WORK ITEM - The required output is the lines below from the line containing "ks!i) \<in> M1) \<and>" to the line containing "of them has", inclusive, retyped exactly. No other lines belong in it.

───

definition nc_matchings :: "nat set \<Rightarrow> (nat \<times> nat) set set" where
  "nc_matchings S = {M. (\<forall>(a,b)\<in>M. a < b \<and> a \<in> S \<and> b \<in> S)
      \<and> (\<forall>z\<in>S. \<exists>!p. p \<in> M \<and> (z = fst p \<or> z = snd p))
      \<and> \<not> (\<exists>a c b d. (a,c) \<in> M \<and> (b,d) \<in> M \<and> a < b \<and> b < c \<and> c < d)}"

text \<open>Admissible red sets: subsets of {1..2n} of even size (colours of 1..2n-1 free,
  colour of 2n fixed by parity; this gives the uniform distribution on these sets).\<close>
definition red_sets :: "nat \<Rightarrow> nat set set" where
  "red_sets n = {R. R \<subseteq> {1..2*n} \<and> even (card R)}"

definition CP :: "nat \<Rightarrow> (nat set \<times> (nat \<times> nat) set \<times> (nat \<times> nat) set) pmf" where
  "CP n = do {
      R \<leftarrow> pmf_of_set (red_sets n);
      M1 \<leftarrow> pmf_of_set (nc_matchings R);
      M2 \<leftarrow> pmf_of_set (nc_matchings ({1..2*n} - R));
      return_pmf (R, M1, M2) }"

definition good :: "nat \<Rightarrow> nat list \<Rightarrow> nat list \<Rightarrow> nat list \<Rightarrow> nat list \<Rightarrow> bool" where
  "good n xs ks ys ls \<longleftrightarrow>
     length ks = length xs \<and> length ls = length ys \<and>
     sorted_wrt (<) xs \<and> sorted_wrt (<) ys \<and>
     (\<forall>v\<in>set xs \<union> set ks \<union> set ys \<union> set ls. v \<ge> 1) \<and>
     (\<forall>i<length xs. 1 \<le> xs!i \<and> xs!i < xs!i + ks!i \<and> xs!i + ks!i \<le> 2*n) \<and>
     (\<forall>j<length ys. 1 \<le> ys!j \<and> ys!j < ys!j + ls!j \<and> ys!j + ls!j \<le> 2*n) \<and>
     (let E = xs @ map2 (+) xs ks @ ys @ map2 (+) ys ls in
        \<forall>i<length E. \<forall>j<length E. i \<noteq> j \<longrightarrow> E!i + 2 \<le> E!j \<or> E!j + 2 \<le> E!i) \<and>
     \<not> (\<exists>i<length xs. \<exists>j<length xs. i \<noteq> j \<and>
          xs!i < xs!j \<and> xs!j < xs!i + ks!i \<and> xs!i + ks!i < xs!j + ks!j) \<and>
     \<not> (\<exists>i<length ys. \<exists>j<length ys. i \<noteq> j \<and>
          ys!i < ys!j \<and> ys!j < ys!i + ls!i \<and> ys!i + ls!i < ys!j + ls!j)"

definition event_A :: "nat \<Rightarrow> nat list \<Rightarrow> nat list \<Rightarrow> nat list \<Rightarrow> nat list
    \<Rightarrow> (nat set \<times> (nat \<times> nat) set \<times> (nat \<times> nat) set) set" where
  "event_A n xs ks ys ls = {(R, M1, M2).
     (\<forall>i<length xs. xs!i \<in> R \<and> xs!i + ks!i \<in> R
        \<and> even (card {z \<in> R. xs!i < z \<and> z < xs!i + ks!i})
        \<and> (xs!i, xs!i + ks!i) \<in> M1) \<and>
     (\<forall>j<length ys. ys!j \<in> {1..2*n} - R \<and> ys!j + ls!j \<in> {1..2*n} - R
        \<and> even (card {z \<in> {1..2*n} - R. ys!j < z \<and> z < ys!j + ls!j})
        \<and> (ys!j, ys!j + ls!j) \<in> M2)}"

end

theory Submission
  imports Defs
begin

text \<open>Call \<open>R\<close> admissible if all prescribed endpoints get their
  colour and every prescribed arc encloses an even number of points of its colour. These are
  parity conditions on \<open>R\<close> (on intervals and on single points, plus the parity of \<open>|R|\<close>), and each
  of them has a pivot point that no earlier condition involves, so they are independent and at
  least a \<open>2\<^sup>-\<^sup>3\<^sup>(\<^sup>s\<^sup>+\<^sup>t\<^sup>)\<^sup>-\<^sup>1\<close> fraction of all red sets is admissible.

  Given an admissible \<open>R\<close>, each matching is uniform among the non-crossing perfect matchings of
  its colour class, counted by Catalan numbers, and has to contain a compatible family of arcs.
  Splitting at a longest arc reduces this to one arc at a time, and an arc of length \<open>k\<close> enclosing
  \<open>2j\<close> of the \<open>2m\<close> points is present with probability
  \<open>C\<^sub>j C\<^sub>m\<^sub>-\<^sub>1\<^sub>-\<^sub>j / C\<^sub>m \<ge> C\<^sub>j / 4\<^sup>j\<^sup>+\<^sup>1 \<ge> 1 / (8 (j+1)\<^sup>3\<^sup>/\<^sup>2) \<ge> k\<^sup>-\<^sup>3\<^sup>/\<^sup>2 / 8\<close>.\<close>

section \<open>Catalan numbers\<close>

text \<open>\<open>C\<^sub>m = (-1)\<^sup>m 2 \<cdot> 4\<^sup>m (1/2 choose m+1)\<close>, the coefficients of the generating function
  \<open>(1 - sqrt (1 - 4x)) / (2x)\<close>.\<close>
definition catalan :: "nat \<Rightarrow> real" where
  "catalan m = (-1)^m * (2 * 4^m) * ((1/2) gchoose Suc m)"

lemma half_gchoose_Suc: "((1/2::real) gchoose Suc k) = ((1/2) gchoose k) * (1/2 - real k) / (real k + 1)"
  using gbinomial_mult_1[of "1/2::real" k] by (simp add: field_simps)

lemma half_gchoose_Suc_catalan: "((1/2::real) gchoose Suc i) = (-1)^i * catalan i / (2 * 4^i)"
proof -
  have "(-1::real)^i * (-1)^i = 1" by (simp add: power_mult_distrib[symmetric])
  then show ?thesis by (simp add: catalan_def field_simps)
qed

lemma catalan_0 [simp]: "catalan 0 = 1" by (simp add: catalan_def)

lemma catalan_Suc: "catalan (Suc m) = catalan m * (4 * real m + 2) / (real m + 2)"
  unfolding catalan_def half_gchoose_Suc[of "Suc m"] by (simp add: field_simps)

lemma catalan_pos: "catalan m > 0"
  by (induction m) (simp_all add: catalan_Suc)

text \<open>Vandermonde's identity for \<open>1/2 + 1/2 = 1\<close>: the coefficients of \<open>(1 + x)\<^sup>1\<^sup>/\<^sup>2\<close> convolve to
  those of \<open>1 + x\<close>, which vanish from degree 2 on.\<close>
lemma catalan_convolution: "catalan (Suc m) = (\<Sum>i\<le>m. catalan i * catalan (m - i))"
proof -
  let ?g = "\<lambda>k. (1/2::real) gchoose k"
  let ?f = "\<lambda>k. ?g k * ?g (m + 2 - k)"
  have "(\<Sum>k\<le>m + 2. ?f k) = (1::real) gchoose (m + 2)"
    using gbinomial_Vandermonde[of "1/2::real" "1/2" "m+2"] by (simp add: atLeast0AtMost)
  also have "\<dots> = 0"
    using binomial_gbinomial[of 1 "m+2", where 'a=real] by simp
  finally have V: "(\<Sum>k\<le>m + 2. ?f k) = 0" .
  have "(\<Sum>k\<le>m + 2. ?f k) = ?f 0 + (\<Sum>k\<le>Suc m. ?f (Suc k))"
    by (simp only: add_2_eq_Suc' sum.atMost_Suc_shift)
  then have "(\<Sum>k\<le>m + 2. ?f k) = ?f 0 + (\<Sum>k\<le>m. ?f (Suc k)) + ?f (m + 2)"
    by simp
  moreover have "?f 0 = (-1)^Suc m * catalan (Suc m) / (8 * 4^m)"
    "?f (m + 2) = (-1)^Suc m * catalan (Suc m) / (8 * 4^m)"
    using half_gchoose_Suc_catalan[of "Suc m"] by (simp_all add: numeral_2_eq_2)
  moreover have "?f (Suc k) = (-1)^m * (catalan k * catalan (m - k)) / (4 * 4^m)" if "k \<le> m" for k
  proof -
    have "(-1::real)^k * (-1)^(m-k) = (-1)^m" "(2 * 4^k) * (2 * 4^(m-k)) = (4 * (4::real)^m)"
      using that by (simp_all add: power_add[symmetric])
    moreover have "m + 2 - Suc k = Suc (m - k)" using that by simp
    ultimately show ?thesis by (simp add: half_gchoose_Suc_catalan)
  qed
  ultimately have "0 = (-1)^Suc m * catalan (Suc m) / (4 * 4^m)
      + (-1)^m * (\<Sum>k\<le>m. catalan k * catalan (m - k)) / (4 * 4^m)"
    using V by (simp add: sum_divide_distrib[symmetric] sum_distrib_left[symmetric])
  then show ?thesis by (simp add: field_simps)
qed

lemma catalan_add_le: "catalan (a + d) \<le> 4^d * catalan a"
proof (induction d)
  case (Suc d)
  have "(4 * real (a + d) + 2) / (real (a + d) + 2) \<le> 4" by (simp add: field_simps)
  then have "catalan (a + Suc d) \<le> 4 * catalan (a + d)"
    using catalan_pos[of "a + d"] by (simp add: catalan_Suc mult_left_le divide_le_eq)
  also have "\<dots> \<le> 4 * (4^d * catalan a)" using Suc by simp
  finally show ?case by simp
qed simp

lemma catalan_square_lower: "j \<ge> 1 \<Longrightarrow> (catalan j * (real j + 1))^2 \<ge> 16^j / (4 * real j)"
proof (induction j rule: dec_induct)
  case (step j)
  have "catalan (Suc j) * (real (Suc j) + 1) = catalan j * (real j + 1) * ((4 * real j + 2) / (real j + 1))"
    by (simp add: catalan_Suc field_simps)
  then have "(catalan (Suc j) * (real (Suc j) + 1))^2
        = (catalan j * (real j + 1))^2 * ((4 * real j + 2) / (real j + 1))^2"
    by (simp only: power_mult_distrib)
  also have "\<dots> \<ge> 16^j / (4 * real j) * ((4 * real j + 2) / (real j + 1))^2"
    using step.IH by (intro mult_right_mono) auto
  also have "16^j / (4 * real j) * ((4 * real j + 2) / (real j + 1))^2 \<ge> 16^Suc j / (4 * real (Suc j))"
  proof -
    have j: "real j \<ge> 1" using step.hyps by simp
    have "16 / (4 * (real j + 1)) = 16 * real j * (real j + 1) / (4 * real j * (real j + 1)^2)"
      using j by (simp add: divide_simps power2_eq_square) (simp add: algebra_simps)
    also have "\<dots> \<le> (4 * real j + 2)^2 / (4 * real j * (real j + 1)^2)"
      using j by (intro divide_right_mono) (auto simp: power2_eq_square algebra_simps)
    also have "\<dots> = ((4 * real j + 2) / (real j + 1))^2 / (4 * real j)"
      by (simp add: power_divide)
    finally have "16^j * (16 / (4 * (real j + 1))) \<le> 16^j * (((4 * real j + 2) / (real j + 1))^2 / (4 * real j))"
      by (intro mult_left_mono) auto
    then show ?thesis by (simp add: field_simps)
  qed
  finally show ?case .
qed (simp add: catalan_Suc)

lemma catalan_lower_bound: "catalan j / 4^Suc j \<ge> 1 / (8 * (real j + 1) powr (3/2))"
proof (cases "j = 0")
  case False
  have p: "(real j + 1) powr (3/2) = (real j + 1) * sqrt (real j + 1)"
  proof -
    have "(real j + 1) powr (3/2) = (real j + 1) powr (1 + 1/2)" by simp
    also have "\<dots> = (real j + 1) * (real j + 1) powr (1/2)"
      by (subst powr_add) simp
    finally show ?thesis by (simp add: powr_half_sqrt)
  qed
  let ?y = "2 * (real j + 1) * sqrt (real j + 1) * catalan j"
  have "?y^2 = 2^2 * (real j + 1)^2 * (sqrt (real j + 1))^2 * (catalan j)^2"
    by (simp only: power_mult_distrib)
  also have "\<dots> = 4 * (real j + 1) * (catalan j * (real j + 1))^2"
    by (simp add: power_mult_distrib power2_eq_square)
  also have "\<dots> \<ge> 4 * (real j + 1) * (16^j / (4 * real j))"
    using catalan_square_lower[of j] False by (intro mult_left_mono) auto
  also have "4 * (real j + 1) * (16^j / (4 * real j)) \<ge> 16^j"
    using False by (simp add: field_simps)
  also have "(16::real)^j = (4^j)^2"
    by (simp add: power2_eq_square power_mult_distrib[symmetric])
  finally have "(4^j)^2 \<le> ?y^2" .
  moreover have "?y \<ge> 0" using catalan_pos[of j] by simp
  ultimately have "?y \<ge> 4^j" by (rule power2_le_imp_le)
  then have "4 * 4^j \<le> catalan j * (8 * ((real j + 1) * sqrt (real j + 1)))"
    by (simp add: algebra_simps)
  moreover have "(real j + 1) * sqrt (real j + 1) > 0" by simp
  ultimately show ?thesis unfolding p by (simp add: divide_simps)
qed simp

section \<open>Non-crossing perfect matchings\<close>

lemma nc_matchingD:
  assumes "M \<in> nc_matchings S"
  shows nc_matching_arc: "(x, y) \<in> M \<Longrightarrow> x < y \<and> x \<in> S \<and> y \<in> S"
    and nc_matching_covers: "z \<in> S \<Longrightarrow> \<exists>p\<in>M. z = fst p \<or> z = snd p"
    and nc_matching_no_crossing: "(a, c) \<in> M \<Longrightarrow> (b, d) \<in> M \<Longrightarrow> a < b \<Longrightarrow> b < c \<Longrightarrow> c < d \<Longrightarrow> False"
  using assms unfolding nc_matchings_def by blast+

lemma nc_matching_unique:
  assumes M: "M \<in> nc_matchings S" and "p \<in> M" "q \<in> M"
    and "z = fst p \<or> z = snd p" "z = fst q \<or> z = snd q"
  shows "p = q"
proof -
  have "z \<in> S" using nc_matching_arc[OF M, of "fst p" "snd p"] assms(2,4) by auto
  then show ?thesis using M assms(2-) unfolding nc_matchings_def by blast
qed

lemma nc_matchingsI:
  assumes "\<And>x y. (x, y) \<in> M \<Longrightarrow> x < y \<and> x \<in> S \<and> y \<in> S"
    and "\<And>z. z \<in> S \<Longrightarrow> \<exists>p\<in>M. z = fst p \<or> z = snd p"
    and "\<And>p q z. p \<in> M \<Longrightarrow> q \<in> M \<Longrightarrow> z = fst p \<or> z = snd p \<Longrightarrow> z = fst q \<or> z = snd q \<Longrightarrow> p = q"
    and "\<And>a b c d. (a, c) \<in> M \<Longrightarrow> (b, d) \<in> M \<Longrightarrow> a < b \<Longrightarrow> b < c \<Longrightarrow> c < d \<Longrightarrow> False"
  shows "M \<in> nc_matchings S"
proof -
  have "\<exists>!p. p \<in> M \<and> (z = fst p \<or> z = snd p)" if "z \<in> S" for z
    using assms(2)[OF that] assms(3) by blast
  then show ?thesis unfolding nc_matchings_def using assms(1,4) by fast
qed

lemma finite_nc_matchings: "finite S \<Longrightarrow> finite (nc_matchings S)"
  by (rule finite_subset[of _ "Pow (S \<times> S)"]) (use nc_matching_arc in fastforce)+

lemma nc_matchings_empty: "nc_matchings {} = {{}}"
  by (force simp: nc_matchings_def)

definition between :: "nat \<Rightarrow> nat \<Rightarrow> nat set \<Rightarrow> nat set" where
  "between a b S = {z\<in>S. a < z \<and> z < b}"

definition outside :: "nat \<Rightarrow> nat \<Rightarrow> nat set \<Rightarrow> nat set" where
  "outside a b S = {z\<in>S. z < a \<or> b < z}"

definition matchings_containing :: "nat set \<Rightarrow> (nat \<times> nat) set \<Rightarrow> (nat \<times> nat) set set" where
  "matchings_containing S A = {M \<in> nc_matchings S. A \<subseteq> M}"

lemma matchings_containing_empty [simp]: "matchings_containing S {} = nc_matchings S"
  by (simp add: matchings_containing_def)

───

RESPONSE -
        \<and> (xs!i, xs!i + ks!i) \<in> M1) \<and>
     (\<forall>j<length ys. ys!j \<in> {1..2*n} - R \<and> ys!j + ls!j \<in> {1..2*n} - R
        \<and> even (card {z \<in> {1..2*n} - R. ys!j < z \<and> z < ys!j + ls!j})
        \<and> (ys!j, ys!j + ls!j) \<in> M2)}"

end

theory Submission
  imports Defs
begin

text \<open>Call \<open>R\<close> admissible if all prescribed endpoints get their
  colour and every prescribed arc encloses an even number of points of its colour. These are
  parity conditions on \<open>R\<close> (on intervals and on single points, plus the parity of \<open>|R|\<close>), and each
  of them has a pivot point that no earlier condition involves, so they are independent and at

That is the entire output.